We see straight away that debt to income ratios are lower for good loans and the opposite is true for FICO scores. This is to be expected.

Let’s also plot the densities of these two variables for good and bad loans. When plotting densities the key aesthetic is the x variable (the variable whose density we want to plot). By adding aesthetic color= ggplot will plot observations belonging to different values of the variable specified in color in different colors.

ggplot(aes(x = dti, color = status) ,data = loan) + geom_density()

ggplot(aes(x = fico, color = status) ,data = loan) + geom_density()

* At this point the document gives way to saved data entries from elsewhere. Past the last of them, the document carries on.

lemma kummer_induced_map_twist_charD:
  assumes "0 < n" and "0 < m" and "valid_tuple n cs" and "cs \<noteq> []"
    and "kummer_induced (n * m) (map (twist_char n m c0) cs)"
  shows "kummer_induced n cs"
proof -
  let ?f = "twist_char n m c0"
  obtain d xis where d: "d dvd length cs" "d \<noteq> 1" and xis: "length xis = length cs div d"
    and decomp: "mset (map ?f cs)
      = sum_list (map (\<lambda>xi. mset_set {y. y < n * m \<and> d * y mod (n * m) = xi}) xis)"
    using assms(5) by (auto simp: kummer_induced_def)
  define R where "R N r = {x. x < N \<and> d * x mod N = r}" for N r
  have "0 < d"
    using d(1) \<open>cs \<noteq> []\<close> by (auto intro: Nat.gr0I)
  have cs_less: "set cs \<subseteq> {..<n}"
    using assms(3) by (auto simp: valid_tuple_def)
  have "\<exists>e<n. R (n * m) xi = ?f ` R n e" if "xi \<in> set xis" for xi
  proof -
    have "card (R (n * m) xi) = d"
      unfolding R_def using card_kummer_fibre_eq[OF \<open>0 < d\<close> _ _ decomp that] d xis by simp
    then have "R (n * m) xi \<noteq> {}"
      using \<open>0 < d\<close> by auto
    moreover have "R (n * m) xi \<subseteq> ?f ` {..<n}"
      using arg_cong[OF decomp, of set_mset] that cs_less by (auto simp: R_def)
    ultimately show ?thesis
      unfolding R_def by (rule mult_fibre_eq_image_twist_char[OF assms(1,2)])
  qed
  then obtain eta
    where eta: "\<And>xi. xi \<in> set xis \<Longrightarrow> eta xi < n \<and> R (n * m) xi = ?f ` R n (eta xi)"
    by metis
  let ?etas = "map eta xis"
  let ?M = "sum_list (map (\<lambda>e. mset_set (R n e)) ?etas)"
  have inj: "inj_on ?f {..<n}"
    using inj_on_twist_char[OF \<open>0 < m\<close>] .
  have "image_mset ?f (mset cs) = sum_list (map (\<lambda>xi. mset_set (?f ` R n (eta xi))) xis)"
    using decomp eta by (simp add: R_def cong: map_cong)
  also have "\<dots> = sum_list (map (\<lambda>xi. image_mset ?f (mset_set (R n (eta xi)))) xis)"
    by (intro arg_cong[where f = sum_list] map_cong refl)
      (simp add: image_mset_mset_set inj_on_subset[OF inj] R_def subset_eq)
  also have "\<dots> = image_mset ?f ?M"
    by (simp add: image_mset_sum_list comp_def)
  finally have "image_mset ?f (mset cs) = image_mset ?f ?M" .
  moreover have "set_mset (mset cs) \<union> set_mset ?M \<subseteq> {..<n}"
    using cs_less by (auto simp: R_def)
  ultimately have "mset cs = ?M"
    using image_mset_inj_on_eqD inj_on_subset[OF inj] by blast
  moreover have "\<forall>e\<in>set ?etas. e < n"
    using eta by auto
  ultimately show ?thesis
    unfolding kummer_induced_def R_def using d xis
    by (intro exI[of _ d] exI[of _ ?etas]) simp
qed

The graphs confirm that debt-to-income ratios tend to be higher for bad loans, and FICO scores are lower for bad loans. With FICO scores we also see a sharp drop off around FICO score of 650 suggesting that Lending Club does not approve loans from borrowers with FICO below 650.

3. Normalize quantitative variables

Since the k-NN algorithm uses Euclidean distance, it is sensitive to the scale of different variables. A variable that is measured in millions has much higher influence on the overall Euclidean distance than a variable measured in tens. Therefore, it is typical to normalize or re-scale all variables so that their magnitudes are comparable. In order for us not to have to retype a long formula several times, we will write our own function and then apply it to our predictors.

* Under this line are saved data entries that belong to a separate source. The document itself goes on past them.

lemma das_bound_le_randic:
  fixes E :: "('a::finite) set set"
  assumes sg: "simple_graph E" and deg: "\<And>u. degree E u \<ge> 1"
    and gap: "\<And>a b. adj E a b \<Longrightarrow> edge_gap c CARD('a) (degree E a) (degree E b) \<ge> 0"
  shows "das_bound E \<le> c * randic E"
    and "das_bound E = c * randic E
           \<longleftrightarrow> (\<forall>a b. adj E a b \<longrightarrow> edge_gap c CARD('a) (degree E a) (degree E b) = 0)"
proof -
  define t where "t e = c / sqrt (\<Prod>u\<in>e. real (degree E u)) - 2 / (real CARD('a) - 1)
    - (real CARD('a) - 2) / real CARD('a) * (\<Sum>v\<in>e. 1 / real (degree E v))" for e
  have t: "t {a, b} = edge_gap c CARD('a) (degree E a) (degree E b)" if "a \<noteq> b" for a b
    unfolding t_def edge_gap_def using that by simp
  have adj_t: "\<exists>a b. adj E a b \<and> t e = edge_gap c CARD('a) (degree E a) (degree E b)" if "e \<in> E" for e
  proof -
    obtain a b where "a \<noteq> b" "e = {a, b}" "adj E a b" using simple_graph_edgeE[OF sg \<open>e \<in> E\<close>] .
    then show ?thesis using t by blast
  qed
  have t0: "t e \<ge> 0" if "e \<in> E" for e using adj_t[OF that] gap by auto
  have sum: "c * randic E - das_bound E = (\<Sum>e\<in>E. t e)"
    unfolding t_def by (rule randic_minus_das_bound[OF deg])
  show "das_bound E \<le> c * randic E" using sum sum_nonneg[of E t] t0 by simp
  have "das_bound E = c * randic E \<longleftrightarrow> (\<Sum>e\<in>E. t e) = 0" using sum by auto
  also have "\<dots> \<longleftrightarrow> (\<forall>e\<in>E. t e = 0)"
    using t0 by (intro sum_nonneg_eq_0_iff) auto
  also have "\<dots> \<longleftrightarrow> (\<forall>a b. adj E a b \<longrightarrow> edge_gap c CARD('a) (degree E a) (degree E b) = 0)"
  proof (intro iffI allI impI ballI)
    fix a b assume "\<forall>e\<in>E. t e = 0" "adj E a b"
    then show "edge_gap c CARD('a) (degree E a) (degree E b) = 0"
      using t[OF adj_imp_neq[OF sg]] unfolding adj_def by metis
  next
    fix e assume "\<forall>a b. adj E a b \<longrightarrow> edge_gap c CARD('a) (degree E a) (degree E b) = 0" "e \<in> E"
    then show "t e = 0" using adj_t by fastforce
  qed
  finally show "das_bound E = c * randic E
           \<longleftrightarrow> (\<forall>a b. adj E a b \<longrightarrow> edge_gap c CARD('a) (degree E a) (degree E b) = 0)" .
qed

section \<open>The edge inequality\<close>

text \<open>Bounding x^2 on [a,1] by its chord (1 + a) x - a leaves a bilinear function, which is
  nonnegative on the square as soon as it is at the corners.\<close>

lemma quadratic_nonneg_on_square:
  fixes a b c k x y :: real
  assumes "a < 1" "0 < k" "a \<le> x" "x \<le> 1" "a \<le> y" "y \<le> 1"
    and "c - b - 2 * k \<ge> 0" "c * a - b - k * (1 + a^2) \<ge> 0" "c * a^2 - b - 2 * k * a^2 \<ge> 0"
  shows "c * x * y - b - k * (x^2 + y^2) \<ge> 0"
    and "c * x * y - b - k * (x^2 + y^2) = 0 \<Longrightarrow> x \<in> {a, 1} \<and> y \<in> {a, 1}"
proof -
  define G where "G = c * x * y - b - k * ((1 + a) * x - a) - k * ((1 + a) * y - a)"
  have F: "c * x * y - b - k * (x^2 + y^2) = G + k * ((x - a) * (1 - x)) + k * ((y - a) * (1 - y))"
    unfolding G_def by (simp add: algebra_simps power2_eq_square)
  have "G * (1 - a)^2 = (1 - x) * (1 - y) * (c * a^2 - b - 2 * k * a^2)
      + ((x - a) * (1 - y) + (1 - x) * (y - a)) * (c * a - b - k * (1 + a^2))
      + (x - a) * (y - a) * (c - b - 2 * k)"
    unfolding G_def by (simp add: algebra_simps power2_eq_square)
  also have "\<dots> \<ge> 0"
    using assms by (intro add_nonneg_nonneg mult_nonneg_nonneg) auto
  finally have "G \<ge> 0" using assms(1) by (simp add: zero_le_mult_iff)
  moreover have "k * ((x - a) * (1 - x)) \<ge> 0" "k * ((y - a) * (1 - y)) \<ge> 0" using assms by auto
  ultimately show "c * x * y - b - k * (x^2 + y^2) \<ge> 0" unfolding F by linarith
  assume "c * x * y - b - k * (x^2 + y^2) = 0"
  with \<open>G \<ge> 0\<close> have "k * ((x - a) * (1 - x)) = 0" "k * ((y - a) * (1 - y)) = 0"
    using assms unfolding F by (smt (verit) mult_nonneg_nonneg)+
  then show "x \<in> {a, 1} \<and> y \<in> {a, 1}" using assms(2) by auto
qed

lemma edge_gap_nonneg_from_corners:
  fixes n p q :: nat
  assumes n: "n \<ge> 3" and p: "1 \<le> p" "p \<le> n - 1" and q: "1 \<le> q" "q \<le> n - 1"
    and "edge_gap c n 1 1 \<ge> 0" "edge_gap c n 1 (n - 1) \<ge> 0" "edge_gap c n (n - 1) (n - 1) \<ge> 0"
  shows "edge_gap c n p q \<ge> 0"
    and "edge_gap c n p q = 0 \<Longrightarrow> p \<in> {1, n - 1} \<and> q \<in> {1, n - 1}"
proof -
  define a where "a = 1 / sqrt (real n - 1)"
  define k where "k = (real n - 2) / real n"
  define s where "s p = 1 / sqrt (real p)" for p :: nat
  have n1: "real (n - 1) = real n - 1" using n by simp
  have gap: "edge_gap c n p q = c * s p * s q - 2 * a^2 - k * (s p ^ 2 + s q ^ 2)"
    if "1 \<le> p" "1 \<le> q" for p q
    using that n unfolding edge_gap_def a_def k_def s_def
    by (simp add: real_sqrt_mult power_divide)
  have s1: "s 1 = 1" and sa: "s (n - 1) = a" unfolding s_def a_def n1 by simp_all
  have range: "a \<le> s p" "s p \<le> 1" if "1 \<le> p" "p \<le> n - 1" for p
    using that unfolding sa[symmetric] unfolding s_def by (simp_all add: divide_left_mono)
  have s_inj: "s p = s p' \<Longrightarrow> p = p'" for p p' unfolding s_def by simp
  have a1: "a < 1" and k0: "0 < k" using n unfolding a_def k_def by simp_all
  have F11: "c - 2 * a^2 - 2 * k \<ge> 0"
    using assms(6) gap[of 1 1] s1 by simp
  have F1a: "c * a - 2 * a^2 - k * (1 + a^2) \<ge> 0"
    using assms(7) gap[of 1 "n - 1"] s1 sa n by simp
  have Faa: "c * a^2 - 2 * a^2 - 2 * k * a^2 \<ge> 0"
    using assms(8) gap[of "n - 1" "n - 1"] sa n by (simp add: power2_eq_square)
  note square = quadratic_nonneg_on_square[OF a1 k0 range[OF p] range[OF q] F11 F1a Faa]
  show "edge_gap c n p q \<ge> 0"
    unfolding gap[OF p(1) q(1)] by (rule square(1))
  assume "edge_gap c n p q = 0"
  then have "s p \<in> {a, 1} \<and> s q \<in> {a, 1}"
    unfolding gap[OF p(1) q(1)] by (rule square(2))
  then show "p \<in> {1, n - 1} \<and> q \<in> {1, n - 1}"
    using s_inj unfolding s1[symmetric] sa[symmetric] by blast
qed

lemma edge_gap_commute: "edge_gap c n p q = edge_gap c n q p"
  unfolding edge_gap_def by (simp add: mult.commute add.commute)

lemma sqrt_11_gt: "sqrt 11 > (36 / 11 :: real)"
  by (rule real_less_rsqrt) (simp add: power2_eq_square)

lemma edge_gap_K12:
  assumes "1 \<le> p" "p \<le> 11" "1 \<le> q" "q \<le> 11"
  shows "edge_gap (11 / 3) 12 p q \<ge> 0"
    and "edge_gap (11 / 3) 12 p q = 0 \<longleftrightarrow> p = 11 \<and> q = 11"
proof -
  have c11: "edge_gap (11 / 3) 12 1 1 > 0" by (simp add: edge_gap_def)
  have "11 / (3 * sqrt 11) = sqrt 11 / (3 :: real)"
    by (simp add: field_simps)
  then have c1n: "edge_gap (11 / 3) 12 1 11 > 0"
    using sqrt_11_gt by (simp add: edge_gap_def)
  have cnn: "edge_gap (11 / 3) 12 11 11 = 0" by (simp add: edge_gap_def)
  have pq: "1 \<le> p" "p \<le> 12 - 1" "1 \<le> q" "q \<le> 12 - 1" using assms by simp_all
  note corners = edge_gap_nonneg_from_corners[OF _ pq, of "11 / 3"]
  show "edge_gap (11 / 3) 12 p q \<ge> 0" using corners(1) c11 c1n cnn by simp
  show "edge_gap (11 / 3) 12 p q = 0 \<longleftrightarrow> p = 11 \<and> q = 11"
  proof
    assume gap0: "edge_gap (11 / 3) 12 p q = 0"
    then have "p \<in> {1, 11} \<and> q \<in> {1, 11}" using corners(2) c11 c1n cnn by simp
    then show "p = 11 \<and> q = 11" using gap0 c11 c1n edge_gap_commute by auto
  qed (simp add: cnn)
qed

normalize <- function(x) {
  return ((x - min(x)) / (max(x) - min(x)))
}

This bit of code defines a new function which we called normalize(). This function takes a vector and returns a vector whose elements have been transformed according to the formula inside the function. The formula ensures that the new vector has elements between zero and one. Let’s apply this to our quantitative variables:

loan <- loan %>%
  mutate(fico_n = normalize(fico),
         dti_n = normalize(dti))
summary(select(loan, fico, fico_n))

##       fico           fico_n      
##  Min.   :612.0   Min.   :0.0000  
##  1st Qu.:687.0   1st Qu.:0.3488  
##  Median :712.0   Median :0.4651  
##  Mean   :715.1   Mean   :0.4793  
##  3rd Qu.:742.0   3rd Qu.:0.6047  
##  Max.   :827.0   Max.   :1.0000

4. Split loan data into test and train

We will use 80% of the loan data to train our model and the rest we will use to test our predictions. Since selecting the test and train observations is random, we will ‘set seed’ so that the computer generates the same set of random numbers each time we run this program. This makes our results reproducible.

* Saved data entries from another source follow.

(* Fix finite nonempty $A$, $\Omega$, a full-support prior $\mu_0$ on $\Omega$, and a finite $M$ with $|M|>\max\{|\Omega|,|A|\}$. There is a set of transparent environments of Lebesgue measure one in $[0,1]^{|A|(|\Omega|+1)}$ such that, for every environment in it, if cheap-talk Sender values randomization then commitment is valuable.
   Context: An environment $(u_S,u_R)$ with $u_S,u_R:A\times\Omega\to[0,1]$ is transparent if there is $v:A\to[0,1]$ with $u_S(a,\omega)=v(a)$ for all $a,\omega$; the set of transparent environments is identified with $[0,1]^{|A|(|\Omega|+1)}$ (coordinates $v$ and $u_R$). Messaging strategies $\sigma:\Omega\to\Delta M$, action strategies $\rho:M\to\Delta A$, $U_i(\sigma,\rho)=\sum_{\omega,m,a}\mu_0(\omega)\sigma(m|\omega)\rho(a|m)u_i(a,\omega)$. $(\sigma,\rho)$ is S-BR if $\sigma\in\arg\max_{\sigma'}U_S(\sigma',\rho)$ and R-BR if $\rho\in\arg\max_{\rho'}U_R(\sigma,\rho')$; a cheap-talk equilibrium is both. Persuasion payoff: max of $U_S$ over R-BR profiles; cheap-talk payoff: max over cheap-talk equilibria. Commitment is valuable if persuasion payoff > cheap-talk payoff. $\sigma$ is partitional if for every $\omega$ some $m$ has $\sigma(m|\omega)=1$. Partitional cheap-talk payoff: max of $U_S$ over cheap-talk equilibria with partitional $\sigma$. Cheap-talk Sender values randomization if cheap-talk payoff > partitional cheap-talk payoff. *)

theory Defs
  imports "HOL-Analysis.Analysis"
begin

definition is_dist :: "('x::finite \<Rightarrow> real) \<Rightarrow> bool" where
  "is_dist p \<longleftrightarrow> (\<forall>x. 0 \<le> p x) \<and> sum p UNIV = 1"

definition msg_strat :: "('w::finite \<Rightarrow> 'm::finite \<Rightarrow> real) \<Rightarrow> bool" where
  "msg_strat \<sigma> \<longleftrightarrow> (\<forall>\<omega>. is_dist (\<sigma> \<omega>))"

definition act_strat :: "('m::finite \<Rightarrow> 'a::finite \<Rightarrow> real) \<Rightarrow> bool" where
  "act_strat \<rho> \<longleftrightarrow> (\<forall>m. is_dist (\<rho> m))"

We will use function sample(x,n) to create a column of n random numbers between 1 and x. Our x is equal to the number of observations in loan. Our n is 80% of the number of observations in loan - if loan has 42,535 observations, we want 42,535*0.8=34,028 random numbers. sample(42535,34028) will generate a column of 34,028 random numbers that range between 1 and 42,535. We want the code to work for any data set so instead of hard-coding the numbers we use nrow(loan) to get 42,535, and floor(nrow(loan)*0.8) to get 34,028. We use the floor() function to round down in case nrow(loan)*0.8 is not an integer. floor(x) returns the the whole number part of x, e.g. floor(3.6)=3.

set.seed(364)
sample <- sample(nrow(loan),floor(nrow(loan)*0.8))
head(sample)

## [1]   190 42163 27235   590 40167  1901

Next, we select the rows from loan that have row numbers equal to the numbers in sample vector. For example, df[c(3,4,10),] returns a data frame that only picks rows 3, 4 and 10 from df. If we put a minus sign in front of the row numbers, we eliminate those row numbers. For example, df[-c(3,4,10),] will result in a data frame that has all of the rows except rows 3, 4 and 10. This is exactly what we want for our test and train: pick random rows from loan for the train data, and put all other rows into the test data.

train <- loan[sample,]
test <- loan[-sample,]

Let’s check that we have roughly the same proportion of good loans in both test and train data frames.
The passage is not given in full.